SUPPLIED RECORDS:
text \<open>a is an axis with decomposition M = V 0 + V 1 + V 2 + V 3 (direct sum),
  for the fusion law of Majorana type (eta, eta).\<close>
definition is_axis :: "('f::field \<Rightarrow> 'm::ab_group_add \<Rightarrow> 'm) \<Rightarrow> ('m \<Rightarrow> 'm \<Rightarrow> 'm) \<Rightarrow> 'f
    \<Rightarrow> 'm \<Rightarrow> (nat \<Rightarrow> 'm set) \<Rightarrow> bool" where
  "is_axis sc mul eta a V \<longleftrightarrow>
     (\<forall>i<4. module.subspace sc (V i))
     \<and> (\<forall>x. \<exists>!(x0, x1, x2, x3). x0 \<in> V 0 \<and> x1 \<in> V 1 \<and> x2 \<in> V 2 \<and> x3 \<in> V 3
              \<and> x = x0 + x1 + x2 + x3)
     \<and> (\<forall>i<4. \<forall>x\<in>V i. mul x a = sc (Phi eta i) x)
     \<and> V 1 = range (\<lambda>c. sc c a)
     \<and> (\<forall>i<4. \<forall>x\<in>V 0. \<forall>y\<in>V i. mul x y \<in> V i)
     \<and> (\<forall>x\<in>V 2. \<forall>y\<in>V 2. mul x y \<in> setsum (V 0) (V 1))
     \<and> (\<forall>x\<in>V 2. \<forall>y\<in>V 3. mul x y \<in> V 3)
     \<and> (\<forall>x\<in>V 3. \<forall>y\<in>V 3. mul x y \<in> setsum (setsum (V 0) (V 1)) (V 2))"

definition miyamoto :: "(nat \<Rightarrow> 'm::ab_group_add set) \<Rightarrow> 'm \<Rightarrow> 'm" where
  "miyamoto V x = (THE y. \<exists>x0 x1 x2 x3. x0 \<in> V 0 \<and> x1 \<in> V 1 \<and> x2 \<in> V 2 \<and> x3 \<in> V 3
      \<and> x = x0 + x1 + x2 + x3 \<and> y = x0 + x1 + x2 - x3)"

inductive_set gen_subalg :: "('f::field \<Rightarrow> 'm::ab_group_add \<Rightarrow> 'm) \<Rightarrow> ('m \<Rightarrow> 'm \<Rightarrow> 'm) \<Rightarrow> 'm set \<Rightarrow> 'm set"
  for sc mul S where
  base: "x \<in> S \<Longrightarrow> x \<in> gen_subalg sc mul S"
| zero: "0 \<in> gen_subalg sc mul S"
| add: "x \<in> gen_subalg sc mul S \<Longrightarrow> y \<in> gen_subalg sc mul S \<Longrightarrow> x + y \<in> gen_subalg sc mul S"
| smult: "x \<in> gen_subalg sc mul S \<Longrightarrow> sc c x \<in> gen_subalg sc mul S"
| mult: "x \<in> gen_subalg sc mul S \<Longrightarrow> y \<in> gen_subalg sc mul S \<Longrightarrow> mul x y \<in> gen_subalg sc mul S"

definition is_automorphism :: "('f::field \<Rightarrow> 'm::ab_group_add \<Rightarrow> 'm) \<Rightarrow> ('m \<Rightarrow> 'm \<Rightarrow> 'm) \<Rightarrow> ('m \<Rightarrow> 'm) \<Rightarrow> bool" where
  "is_automorphism sc mul f \<longleftrightarrow> bij f \<and> Vector_Spaces.linear sc sc f
      \<and> (\<forall>x y. f (mul x y) = mul (f x) (f y))"

definition dihedral_algebra :: "('f::field \<Rightarrow> 'm::ab_group_add \<Rightarrow> 'm) \<Rightarrow> ('m \<Rightarrow> 'm \<Rightarrow> 'm) \<Rightarrow> 'f
    \<Rightarrow> (int \<Rightarrow> 'm) \<Rightarrow> (int \<Rightarrow> nat \<Rightarrow> 'm set) \<Rightarrow> bool" where
  "dihedral_algebra sc mul eta a D \<longleftrightarrow>
     comm_algebra sc mul
     \<and> (\<forall>i. is_axis sc mul eta (a i) (D i))
     \<and> gen_subalg sc mul (range a) = UNIV
     \<and> (\<exists>f. is_automorphism sc mul f \<and> (\<forall>i. f (a i) = a (i + 1)))
     \<and> (\<forall>i j. miyamoto (D j) (a i) = a (2 * j - i))"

WORK TO BE COMPLETED: Only the lines from the one holding "(a i) = a (i + 1)))" through the end of the listing should appear in the response, each restated exactly.

EXERCISE SOLUTION:
     \<and> (\<exists>f. is_automorphism sc mul f \<and> (\<forall>i. f (a i) = a (i + 1)))
     \<and> (\<forall>i j. miyamoto (D j) (a i) = a (2 * j - i))"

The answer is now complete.